K könnte sich zN von T gem. §§ 223, 224 I Nr. 2, 3, 5 strafbar gemacht haben, indem er ihm in den
Magen tritt.
I. Tb
1. Obj
- K ist ein Mensch, mithin ein tauglicher Täter. T ist ebenfalls als Mensch taugliches Tatobjekt.

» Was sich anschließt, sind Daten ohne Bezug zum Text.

text \<open>A prime (normalised) integer polynomial with a root is the minimal polynomial of it:
  a root excludes constants, so irreducibility forces primitivity, and normalisation means
  positive leading coefficient.\<close>

lemma prime_int_poly_is_min_int_poly:
  fixes q :: "int poly" and x :: complex
  assumes pq: "prime q" and qx: "poly (of_int_poly q) x = 0"
  shows "is_min_int_poly x q"
proof -
  have irr: "irreducible q" and q0: "q \<noteq> 0" and nq: "normalize q = q"
    using pq by (auto simp: prime_def intro: prime_elem_imp_irreducible)
  have "degree q \<noteq> 0"
  proof
    assume "degree q = 0"
    then obtain c where "q = [:c:]" by (metis degree_eq_zeroE)
    then show False using q0 qx by auto
  qed
  then have "content q = 1" using irreducible_imp_primitive[OF irr] by simp
  moreover have "lead_coeff q > 0"
  proof -
    have "unit_factor q * q = 1 * q" using unit_factor_mult_normalize[of q] nq by simp
    then have "unit_factor q = 1" using q0 by (metis mult_cancel_right)
    then have "sgn (lead_coeff q) = 1" by (simp add: unit_factor_poly_def pCons_one)
    then show ?thesis by (simp add: sgn_1_pos)
  qed
  ultimately show ?thesis using q0 qx irr unfolding is_min_int_poly_def by blast
qed

text \<open>For algebraic x, the description in min_int_poly is satisfied by a unique
  polynomial, so it denotes the minimal polynomial.\<close>

lemma min_int_poly:
  assumes "algebraic x"
  shows "is_min_int_poly x (min_int_poly x)"
proof -
  obtain P :: "int poly" where "P \<noteq> 0" "poly (of_int_poly P) x = 0"
    using algebraicE'[OF assms] by blast
  then obtain q where q: "is_min_int_poly x q"
    using prime_factor_with_root prime_int_poly_is_min_int_poly by metis
  have "min_int_poly x = q" unfolding min_int_poly_def is_min_int_poly_def[symmetric]
    using q is_min_int_poly_unique by blast
  then show ?thesis using q by simp
qed

section \<open>Closure properties of algebraic numbers\<close>

text \<open>The companion matrix of the monic polynomial X^n + \<Sum>j<n. c j X^j (last row -c,
  ones on the superdiagonal).\<close>

definition companion_mat :: "nat \<Rightarrow> (nat \<Rightarrow> 'a :: comm_ring_1) \<Rightarrow> 'a mat" where
  "companion_mat n c = mat n n (\<lambda>(i, j). if Suc i < n then (if j = Suc i then 1 else 0) else - c j)"

lemma companion_mat_carrier [simp]: "companion_mat n c \<in> carrier_mat n n"
  and companion_mat_dim [simp]: "dim_row (companion_mat n c) = n" "dim_col (companion_mat n c) = n"
  unfolding companion_mat_def by simp_all

lemma map_companion_mat:
  "map_mat of_rat (companion_mat n c) = (companion_mat n (of_rat \<circ> c) :: 'a :: field_char_0 mat)"
  unfolding companion_mat_def by (rule eq_matI) (auto simp: of_rat_minus)

lemma companion_mat_eigenvector:
  fixes c :: "nat \<Rightarrow> 'a :: comm_ring_1"
  assumes n0: "n > 0" and root: "(\<Sum>j<n. c j * x ^ j) = - (x ^ n)"
  shows "eigenvector (companion_mat n c) (vec n (\<lambda>j. x ^ j)) x"
proof -
  define v where "v = vec n (\<lambda>j. x ^ j)"
  have "companion_mat n c *\<^sub>v v = x \<cdot>\<^sub>v v"
  proof (rule eq_vecI)
    fix i assume "i < dim_vec (x \<cdot>\<^sub>v v)"
    then have i: "i < n" unfolding v_def by simp
    have "(companion_mat n c *\<^sub>v v) $ i
        = (\<Sum>j<n. (if Suc i < n then (if j = Suc i then 1 else 0) else - c j) * x ^ j)"
      using i unfolding v_def companion_mat_def
      by (simp add: scalar_prod_def atLeast0LessThan)
    also have "\<dots> = x ^ Suc i"
    proof (cases "Suc i < n")
      case True
      then have "(\<Sum>j<n. (if Suc i < n then (if j = Suc i then 1 else 0) else - c j) * x ^ j)
          = (\<Sum>j<n. if j = Suc i then x ^ j else 0)" by (intro sum.cong) auto
      then show ?thesis using True by simp
    next
      case False
      then have "n = Suc i" using i by simp
      then show ?thesis using root False by (simp add: sum_negf)
    qed
    finally show "(companion_mat n c *\<^sub>v v) $ i = (x \<cdot>\<^sub>v v) $ i" using i unfolding v_def by simp
  qed (simp add: v_def)
  moreover have "v \<noteq> 0\<^sub>v n" using n0 unfolding v_def by (auto dest: arg_cong[of _ _ "\<lambda>w. w $ 0"])
  ultimately show ?thesis unfolding eigenvector_def v_def by simp
qed

text \<open>Every algebraic number is an eigenvalue of a rational matrix: divide an integer
  polynomial vanishing at it by its leading coefficient and take the companion matrix.\<close>

lemma algebraic_imp_eigenvalue_rat_mat:
  fixes x :: complex
  assumes "algebraic x"
  obtains n and A :: "rat mat" where "A \<in> carrier_mat n n" "eigenvalue (map_mat of_rat A) x"
proof -
  obtain P :: "int poly" where P0: "P \<noteq> 0" and Px: "poly (of_int_poly P) x = 0"
    using algebraicE'[OF assms] by blast
  define n where "n = degree P"
  define lc where "lc = lead_coeff P"
  define c where "c j = rat_of_int (coeff P j) / rat_of_int lc" for j
  have lc0: "lc \<noteq> 0" unfolding lc_def using P0 by simp
  have n0: "n > 0"
  proof (rule ccontr)
    assume "\<not> n > 0"
    then obtain d where "P = [:d:]" unfolding n_def by (metis degree_eq_zeroE neq0_conv)
    then show False using P0 Px by auto
  qed
  have "0 = (\<Sum>j\<le>n. of_int (coeff P j) * x ^ j)"
    using Px unfolding poly_altdef n_def by (simp add: coeff_map_poly)
  also have "\<dots> = (\<Sum>j<n. of_int (coeff P j) * x ^ j) + of_int lc * x ^ n"
    unfolding lc_def n_def by (simp add: lessThan_Suc_atMost[symmetric])
  finally have "(\<Sum>j<n. of_int (coeff P j) * x ^ j) = - (of_int lc * x ^ n)"
    by (simp add: eq_neg_iff_add_eq_0 add.commute)
  then have "(\<Sum>j<n. of_int (coeff P j) * x ^ j) / of_int lc = - (x ^ n)"
    using lc0 by simp
  then have "(\<Sum>j<n. (of_rat \<circ> c) j * x ^ j) = - (x ^ n)"
    unfolding c_def by (simp add: sum_divide_distrib of_rat_divide)
  from companion_mat_eigenvector[OF n0 this]
  have "eigenvalue (map_mat of_rat (companion_mat n c)) x"
    unfolding map_companion_mat eigenvalue_def by blast
  then show ?thesis using that companion_mat_carrier by blast
qed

- Eine körperliche Misshandlung liegt mit dem Fußtritt in den Magen vor, da dieser eine üble und
unangemessene Behandlung mit erheblicher Beeinträchtigung des körperlichen Wohlbefindens
darstellt. Ob eine Gesundheitsschädigung aufgetreten ist, kann dem Sachverhalt nicht entnommen
werden.
- Es könnte sich beim zum Treten verwendeten Schuh um eine Begehung „mittels gefährlichem
Werkzeug handeln. Dies ist der Fall bei einem beweglichen Gegenstand, der nach Art und Weise der
konkreten Verwendung geeignet ist, nicht unerhebliche Verletzungen hervorzurufen. Im
vorliegenden Fall stellt der Sicherheitsschuh einen beweglichen Gegenstand dar. Aufgrund der
Beschaffenheit mit fester Sohle und Sicherhheitskappe handelt es sich um einen festen Schuh.
Soweit dieser für einen Tritt in den Magen des Opfers verwendet wird, ist er geeignet bei diesem
erhebliche Verletzungen hervorzurufen. K hat somit § 224 I Nr. 2 objektiv verwirklicht.

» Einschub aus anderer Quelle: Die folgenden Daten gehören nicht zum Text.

lemma integral_sq_std_normal_density_scaled:
  assumes "q > 0"
  shows "(\<integral>z. z\<^sup>2 * \<phi> (q * z) \<partial>lborel) = 1 / q ^ 3"
proof -
  have "1 = (\<integral>u. \<phi> u * u ^ (2 * 1) \<partial>lborel)"
    using integral_std_normal_moment_even[of 1] by simp
  also have "\<dots> = \<bar>q\<bar> *\<^sub>R (\<integral>z. \<phi> (0 + q * z) * (0 + q * z) ^ (2 * 1) \<partial>lborel)"
    by (rule lborel_integral_real_affine) (use assms in simp)
  also have "(\<lambda>z. \<phi> (0 + q * z) * (0 + q * z) ^ (2 * 1)) = (\<lambda>z. q\<^sup>2 * (z\<^sup>2 * \<phi> (q * z)))"
    by (simp add: fun_eq_iff power_mult_distrib)
  also have "\<bar>q\<bar> *\<^sub>R (\<integral>z. q\<^sup>2 * (z\<^sup>2 * \<phi> (q * z)) \<partial>lborel) = q ^ 3 * (\<integral>z. z\<^sup>2 * \<phi> (q * z) \<partial>lborel)"
    using assms by (simp add: power2_eq_square power3_eq_cube)
  finally show ?thesis using assms by (simp add: field_simps)
qed

lemma integral_sq_std_normal_density_triple_product:
  "(\<integral>z. z\<^sup>2 * (\<phi> z * \<phi> (t * z) * \<phi> (s * z)) \<partial>lborel)
     = 1 / (2 * pi * (1 + t\<^sup>2 + s\<^sup>2) * sqrt (1 + t\<^sup>2 + s\<^sup>2))"
proof -
  define q where "q = sqrt (1 + t\<^sup>2 + s\<^sup>2)"
  have q: "q > 0" unfolding q_def by (simp add: add_pos_nonneg)
  have "q ^ 3 = (1 + t\<^sup>2 + s\<^sup>2) * q"
    unfolding q_def power3_eq_cube by (simp add: add_pos_nonneg)
  then show ?thesis
    using integral_sq_std_normal_density_scaled[OF q]
    unfolding std_normal_density_triple_product q_def[symmetric] by simp
qed

lemma set_integral_FTC_Icc:
  fixes f F :: "real \<Rightarrow> real"
  assumes "a \<le> b"
    and "\<And>x. (F has_real_derivative f x) (at x)" and "continuous_on {a..b} f"
  shows "(LBINT x:{a..b}. f x) = F b - F a"
  unfolding set_lebesgue_integral_def
  using assms by (intro integral_FTC_atLeastAtMost)
    (auto intro: has_field_derivative_at_within
          simp flip: has_real_derivative_iff_has_vector_derivative)

lemma has_real_derivative_div_sqrt:
  assumes "c > 0"
  shows "((\<lambda>s. s / (c * sqrt (c + s\<^sup>2))) has_real_derivative
           1 / ((c + s\<^sup>2) * sqrt (c + s\<^sup>2))) (at s)"
proof -
  define r where "r = sqrt (c + s\<^sup>2)"
  have r: "r > 0" "r\<^sup>2 = c + s\<^sup>2"
    using assms unfolding r_def by (auto intro: add_pos_nonneg)
  have "((\<lambda>s. s / (c * sqrt (c + s\<^sup>2))) has_real_derivative
      (c * r - s * (c * (inverse r / 2 * (2 * s)))) / (c * r)\<^sup>2) (at s)"
    unfolding r_def using r assms
    by (auto intro!: derivative_eq_intros simp: power2_eq_square r_def)
  moreover have "(c * r - s * (c * (inverse r / 2 * (2 * s)))) / (c * r)\<^sup>2 = 1 / (r\<^sup>2 * r)"
  proof -
    have numerator: "c * r - s * (c * (inverse r / 2 * (2 * s))) = c * c / r"
      using r assms by (simp add: field_simps power2_eq_square)
    show ?thesis
      unfolding numerator using r(1) assms by (simp add: field_simps power2_eq_square)
  qed
  ultimately show ?thesis
    using r(2) unfolding r_def by simp
qed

- Weiter käme ein „hinterlistiger Überfall“ in Betracht. Ein Überfall ist ein plötzlicher Angriff auf
einen Ahnungslosen. Dies ist hier gegeben, da T überrascht wird von dem Fußtritt. Hinterlistig ist
ein Verhalten, bei dem der Täter planmäßig berechnend unter Verbergen seiner wahren Absicht
vorgeht. Auch dies liegt vor, da K vorgibt, sich mit T aussöhnen zu wollen. Damit verbirgt er vor T
seine wahren Ziele, eine Körperverletzung zu begehen. Mithin ist auch § 224 I Nr. 3 in obj Hinsicht
verwirklicht.
- Schließlich kommt eine lebensgefährdende Behandlung in Betracht. Diese wäre gegeben, wenn
die Handlungsweise der Körperverletzung nach den konkreten Umständen generell-abstrakt eine
Gefahr für das Leben des Opfers hervorgerufen hätte. Nicht entscheidend ist dagegen, ob eine
lebensbedrohliche Verletzungsfolge aufgetreten ist. Im vorliegenden Fall stellt der Tritt mit dem
Sicherheitsschuh in den Magen eine Behandlung dar, bei der die Gefahr einer Verletzung
lebenswichtiger Organe oder das Hervorrufen einer inneren Blutung in Betracht zu ziehen ist. Daher
handelt es sich um eine lebensgefährdende Behandlung gem. § 224 I Nr. 5.
2. Subj
K handelt mit Vorsatz (Wissen und Wollen) bezüglich der Körperverletzung, der Verwendung des
Sicherheitsschuhs zum Magentritt, des hinterlistigen Überfalls. Von Tötungsvorsatz kann nicht
ausgegangen werden, aber es ist ausreichend, wenn K – wie hier – die Einstellung hat, dass eine
abstrakte Lebensgefahr auftritt. Ihm war bekannt, dass er in den Magen tritt.
II. Rw K handelt rechtswidrig.
III. Schuld: Er handelt schuldhaft.
Ergebnis: K hat sich z N des T gem. §§ 223, 224 I Nr. 2, 3, 5 strafbar gemacht.